Мучительное состояние публики передается оркестру; он начинает играть с поразительной живостью. Второй номер программы проходит с такой быстротой, что, когда музыка неожиданно обрывается и в зале вспыхивает свет, слушатели застревают, как морковки, в своих креслах, их челюсти конвульсивно двигаются, и, если к ним подойти и внезапно крикнуть прямо в ухо: «Брамс, Бетховен, Менделеев, Герцеговина!», они ответят вам без малейшего колебания: «4, 967, 289».

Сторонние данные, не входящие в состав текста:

(* Let $(\mathfrak{g},\mathfrak{h},J,-B)$ be a compact semisimple irreducible Hermitian symmetric pair and let $s\in\{0,1\}$ with $\dim\mathfrak{h}\equiv s\pmod 2$. Let $\mathfrak{n}(\mathfrak{g},\mathfrak{h})=\mathfrak{h}\oplus\mathfrak{m}$ with bracket $[z+x,z'+x']_{\mathfrak{n}}=[x,x']$ ($z,z'\in\mathfrak{h}$, $x,x'\in\mathfrak{m}$, $[\cdot,\cdot]$ the bracket of $\mathfrak{g}$), and endow $\mathbb{R}^s\oplus\mathfrak{n}(\mathfrak{g},\mathfrak{h})$ (with $\mathbb{R}^s$ central) with the inner product $\langle\cdot,\cdot\rangle$ equal to $-B$ on $\mathfrak{g}$ and making $\mathbb{R}^s$ a unit-length factor orthogonal to $\mathfrak{g}$. Then $\mathbb{R}^s\oplus\mathfrak{n}(\mathfrak{g},\mathfrak{h})$ admits an abelian complex structure with respect to which $\langle\cdot,\cdot\rangle$ is Hermitian and pluriclosed; explicitly, any $\mathbb{J}$ with $\mathbb{J}|_{\mathfrak{m}}=J$ and $\mathbb{J}|_{\mathbb{R}^s\oplus\mathfrak{h}}$ an orthogonal map squaring to $-I$ works. Moreover, the corresponding left-invariant metric on $\mathbb{R}^s\times N(\mathfrak{g},\mathfrak{h})$, where $N(\mathfrak{g},\mathfrak{h})$ is the simply connected Lie group with Lie algebra $\mathfrak{n}(\mathfrak{g},\mathfrak{h})$, is naturally reductive.
   Context: $B$ is the Killing form of the compact semisimple Lie algebra $\mathfrak{g}$; $\mathfrak{h}\subset\mathfrak{g}$ is a subalgebra and $\mathfrak{m}$ its $B$-orthogonal complement with $[\mathfrak{h},\mathfrak{m}]\subset\mathfrak{m}$, $[\mathfrak{m},\mathfrak{m}]\subset\mathfrak{h}$ (symmetric pair), and the pair is irreducible if $\operatorname{ad}(\mathfrak{h})$ acts irreducibly on $\mathfrak{m}$. Hermitian: $J:\mathfrak{m}\to\mathfrak{m}$ is $B$-orthogonal with $J^2=-I$, and its extension to $\mathfrak{g}$ by $J|_{\mathfrak{h}}=0$ satisfies $J[x,y]=[x,Jy]$ for $x\in\mathfrak{h}$, $y\in\mathfrak{m}$, and $N_J(x,y)\in\mathfrak{h}$ for $x,y\in\mathfrak{g}$. A complex structure $\mathbb{J}$ is abelian if $[\mathbb{J}x,\mathbb{J}y]=[x,y]$ for all $x,y$. Torsion 3-form: $c(x,y,z)=-\langle[\mathbb{J}x,\mathbb{J}y],z\rangle-\langle[\mathbb{J}y,\mathbb{J}z],x\rangle-\langle[\mathbb{J}z,\mathbb{J}x],y\rangle$; pluriclosed means $dc=0$ for the Chevalley–Eilenberg differential. *)

theory Defs
  imports "HOL-Analysis.Analysis"
begin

К началу Дебюсси атмосфера уже отравлена. Я ловлю себя на мыслях: как все-таки должна себя чувствовать женщина при совокуплении? острее ли наслаждение и т. д.? Пытаюсь представить себе – вот что-то проникает в меня между ляжками, но ничего не чувствую, кроме туповатой боли. Пытаюсь сосредоточиться, но музыка ускользает, и все, что я мысленно вижу, – это ваза с фигурами. Ваза медленно поворачивается, и фигуры уходят в пространство. Потом остается только медленно поворачивающийся свет – и как это свет может поворачиваться? Мой сосед спит сном праведника. Со своим животом и нафабренными усами он похож на маклера, и уже поэтому он мне нравится. Особенно мне нравится этот живот и все, что пошло на его сооружение. Почему бы ему и не спать? Если ему захочется послушать музыку, он всегда найдет деньги на другой билет. Я заметил, что чем лучше люди одеты, тем спокойнее они спят. У них чиста совесть, у этих богатых. Вот бедный – совсем другое дело: стоит ему задремать хоть на минуту – и он сконфужен, ему кажется, что он нанес композитору величайшее оскорбление.

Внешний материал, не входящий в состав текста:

(* Let $\Lambda$ be a cohomology algebra of $b^+=1$ type with $2\tilde\chi(\Lambda)+3\sigma(\Lambda)\ge0$ falling into Case (1), (3) or (5) below, and let $A=aF+bB$ be a reduced class with $A\cdot A\ge0$. Then: Case (1): $h(A)<0$ iff $a>1$ and $b=0$; $h(A)=0$ iff $a\ge b=1$, or $(a,b)\in\{(1,0),(0,0)\}$. Case (3): $h(A)<0$ iff $a>1$ and $b=0$; $h(A)=0$ iff $(a,b)\in\{(1,0),(0,0)\}$. Case (5): $h(A)<0$ iff $a>1$ and $b=0$; $h(A)=0$ iff $(a,b)\in\{(1,0),(0,0)\}$. In all other cases $h(A)>0$. Moreover, in Case (2) every nonzero $A$ with $A\cdot A\ge0$ has $h(A)>0$.
   Context: Notation: $\Lambda$ a cohomology algebra (graded commutative algebra over $\mathbb{Z}$, free of finite rank in each degree, $p:\Lambda^4\cong\mathbb{Z}$ with perfect pairings); $\Gamma(x,y)=x\cdot y=p(xy)$ on $\Lambda^2$, signature $\sigma$; $I_T\subseteq\Lambda^2$ generated by products of elements of $\Lambda^1$; $\tilde b_1=b_1-\mathrm{rank}\{x\in\Lambda^1:x\Lambda^1=0\}$; $\tilde\chi=2+b_2-2\tilde b_1$. Characteristic: $c\cdot A\equiv A\cdot A\pmod2$ for all $A$. Adjunction class: characteristic $c$ with (I) $c\cdot c>\sigma$, or (II) $c\cdot c\ge2\tilde\chi+3\sigma$ and, if $I_T\ne0$, $c\cdot x\ne0$ for some $x\in I_T$. $h_c(A)=1+\frac{A\cdot A-|c\cdot A|}{2}$ for $A\ne0$, $h_c(0)=0$; $h(A)=\max_c h_c(A)$. $U=\begin{pmatrix}0&1\\1&0\end{pmatrix}$, $E$ the positive definite $E_8$ form. (1) $I_T=0$, $\Gamma\cong U$; basis $\{F,B\}$, $F\cdot F=B\cdot B=0$, $F\cdot B=1$; reduced: $aF+bB$, $a\ge|b|\ge0$. (2) $I_T=0$, $\Gamma\cong U\oplus(-E)$. (3) $\tilde b_1=2$, $\Gamma\cong U$; $F$ generates $I_T$, basis $\{F,B\}$, $F\cdot F=B\cdot B=0$, $F\cdot B=1$; reduced: $aF+bB$ with $a>0$, or $a=0,b\ge0$. (5) $\tilde b_1=2$, $\Gamma\cong\langle1\rangle\oplus\langle-1\rangle$; $F$ generates $I_T$, basis $\{F,B\}$, $F\cdot F=0$, $F\cdot B=B\cdot B=1$; reduced: $aF+bB$ with $a>0$, or $a=0,b\ge0$. *)

theory Defs
  imports Complex_Main
begin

Испанские мотивы наэлектризовали публику. Все сидят на краешках стульев – их разбудили барабаны. Когда барабаны вступили, я подумал, что это никогда не кончится. Мне казалось, что все должны вываливаться из лож и подбрасывать шляпы в воздух. В этой музыке есть что-то неистовое. Если бы Равель захотел, он мог бы довести аудиторию до полного исступления. Но Равель не таков. Внезапно музыка стала спокойнее, словно композитор вдруг вспомнил, что на нем визитка и что приличному человеку не подобает так буйствовать. На мой скромный взгляд – большая ошибка. Искусство в том и состоит, чтоб не помнить о приличиях. Если вы начинаете с барабанов, надо кончать динамитом или тротилом. Равель пожертвовал чем-то ради формы – ради овощей, которые полезно есть часа за два-три до отхода ко сну.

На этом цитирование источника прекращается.